• [TASK INPUTS]
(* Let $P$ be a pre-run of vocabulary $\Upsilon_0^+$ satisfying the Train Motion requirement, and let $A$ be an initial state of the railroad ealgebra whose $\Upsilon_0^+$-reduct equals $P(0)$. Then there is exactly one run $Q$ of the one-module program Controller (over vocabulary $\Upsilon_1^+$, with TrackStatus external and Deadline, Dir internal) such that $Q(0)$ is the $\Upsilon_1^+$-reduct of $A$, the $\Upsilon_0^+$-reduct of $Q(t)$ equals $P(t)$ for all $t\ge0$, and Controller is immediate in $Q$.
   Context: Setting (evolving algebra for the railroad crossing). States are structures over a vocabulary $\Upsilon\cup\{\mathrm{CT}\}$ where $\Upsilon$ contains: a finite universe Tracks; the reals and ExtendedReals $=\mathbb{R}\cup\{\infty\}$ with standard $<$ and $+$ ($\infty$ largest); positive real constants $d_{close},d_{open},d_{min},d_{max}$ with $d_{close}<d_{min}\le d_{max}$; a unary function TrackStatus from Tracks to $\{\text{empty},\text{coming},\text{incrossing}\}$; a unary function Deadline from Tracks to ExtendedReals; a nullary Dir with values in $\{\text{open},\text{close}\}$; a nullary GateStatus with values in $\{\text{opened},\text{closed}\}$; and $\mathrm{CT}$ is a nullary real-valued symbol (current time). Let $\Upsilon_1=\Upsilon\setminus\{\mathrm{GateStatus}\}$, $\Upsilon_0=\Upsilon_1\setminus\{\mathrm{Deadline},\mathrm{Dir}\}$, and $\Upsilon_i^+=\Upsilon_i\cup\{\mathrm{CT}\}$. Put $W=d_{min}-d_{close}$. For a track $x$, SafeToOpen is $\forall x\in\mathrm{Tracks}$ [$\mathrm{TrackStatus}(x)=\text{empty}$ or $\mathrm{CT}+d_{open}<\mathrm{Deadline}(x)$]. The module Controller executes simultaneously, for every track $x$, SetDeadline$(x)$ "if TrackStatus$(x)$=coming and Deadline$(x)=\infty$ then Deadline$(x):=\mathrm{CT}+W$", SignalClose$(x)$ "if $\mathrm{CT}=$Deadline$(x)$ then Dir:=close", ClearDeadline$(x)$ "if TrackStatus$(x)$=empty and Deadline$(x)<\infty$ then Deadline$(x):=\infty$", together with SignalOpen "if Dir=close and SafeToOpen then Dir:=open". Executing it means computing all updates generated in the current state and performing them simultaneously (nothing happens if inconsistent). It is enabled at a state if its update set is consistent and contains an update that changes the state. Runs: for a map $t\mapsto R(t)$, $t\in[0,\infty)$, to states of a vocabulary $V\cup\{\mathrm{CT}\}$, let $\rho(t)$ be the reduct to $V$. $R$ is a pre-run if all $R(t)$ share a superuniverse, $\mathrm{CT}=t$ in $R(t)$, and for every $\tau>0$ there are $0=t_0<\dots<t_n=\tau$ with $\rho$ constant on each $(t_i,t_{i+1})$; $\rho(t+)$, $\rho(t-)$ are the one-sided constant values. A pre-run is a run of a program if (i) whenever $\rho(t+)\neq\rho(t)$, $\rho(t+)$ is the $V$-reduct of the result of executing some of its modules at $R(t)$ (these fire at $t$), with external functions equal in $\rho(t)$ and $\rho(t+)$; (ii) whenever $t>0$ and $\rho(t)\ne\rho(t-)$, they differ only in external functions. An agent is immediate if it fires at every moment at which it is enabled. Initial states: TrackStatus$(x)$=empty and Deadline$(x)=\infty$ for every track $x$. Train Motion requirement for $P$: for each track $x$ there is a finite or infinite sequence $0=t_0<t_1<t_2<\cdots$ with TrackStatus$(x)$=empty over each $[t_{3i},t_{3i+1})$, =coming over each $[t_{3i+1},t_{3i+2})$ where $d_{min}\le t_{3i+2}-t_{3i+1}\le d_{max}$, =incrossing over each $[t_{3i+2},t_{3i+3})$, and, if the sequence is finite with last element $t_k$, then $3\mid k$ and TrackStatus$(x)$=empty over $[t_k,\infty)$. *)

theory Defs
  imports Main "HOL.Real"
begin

...

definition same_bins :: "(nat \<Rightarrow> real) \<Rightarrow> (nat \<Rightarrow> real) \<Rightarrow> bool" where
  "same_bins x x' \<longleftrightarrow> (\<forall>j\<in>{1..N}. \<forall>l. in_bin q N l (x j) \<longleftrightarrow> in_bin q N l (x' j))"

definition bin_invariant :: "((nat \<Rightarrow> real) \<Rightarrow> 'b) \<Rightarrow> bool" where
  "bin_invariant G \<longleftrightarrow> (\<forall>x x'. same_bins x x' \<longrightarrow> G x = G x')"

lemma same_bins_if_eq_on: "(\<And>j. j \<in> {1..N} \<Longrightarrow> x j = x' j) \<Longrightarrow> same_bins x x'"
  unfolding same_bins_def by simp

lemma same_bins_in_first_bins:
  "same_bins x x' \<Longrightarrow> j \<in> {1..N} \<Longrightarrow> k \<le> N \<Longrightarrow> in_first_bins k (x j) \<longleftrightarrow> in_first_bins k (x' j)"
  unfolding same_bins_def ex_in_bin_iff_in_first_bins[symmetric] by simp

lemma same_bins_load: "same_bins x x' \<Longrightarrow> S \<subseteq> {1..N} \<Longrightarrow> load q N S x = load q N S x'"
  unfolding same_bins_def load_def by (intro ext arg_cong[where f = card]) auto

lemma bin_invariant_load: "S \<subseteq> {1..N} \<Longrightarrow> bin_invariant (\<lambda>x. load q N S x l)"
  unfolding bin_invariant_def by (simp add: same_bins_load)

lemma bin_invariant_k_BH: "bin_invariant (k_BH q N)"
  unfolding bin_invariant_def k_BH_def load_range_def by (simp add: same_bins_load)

• [WHAT YOU NEED TO DO]
Everything above from the line containing "x x' \<longleftrightarrow>" down to the line containing "unfolding same_bins_def ex_in_bin_iff_in_first_bins[symmetric]" is to be transcribed exactly, with both of those lines included and nothing else added.

• [RESULT]
  "same_bins x x' \<longleftrightarrow> (\<forall>j\<in>{1..N}. \<forall>l. in_bin q N l (x j) \<longleftrightarrow> in_bin q N l (x' j))"

definition bin_invariant :: "((nat \<Rightarrow> real) \<Rightarrow> 'b) \<Rightarrow> bool" where
  "bin_invariant G \<longleftrightarrow> (\<forall>x x'. same_bins x x' \<longrightarrow> G x = G x')"

lemma same_bins_if_eq_on: "(\<And>j. j \<in> {1..N} \<Longrightarrow> x j = x' j) \<Longrightarrow> same_bins x x'"
  unfolding same_bins_def by simp

lemma same_bins_in_first_bins:
  "same_bins x x' \<Longrightarrow> j \<in> {1..N} \<Longrightarrow> k \<le> N \<Longrightarrow> in_first_bins k (x j) \<longleftrightarrow> in_first_bins k (x' j)"
  unfolding same_bins_def ex_in_bin_iff_in_first_bins[symmetric] by simp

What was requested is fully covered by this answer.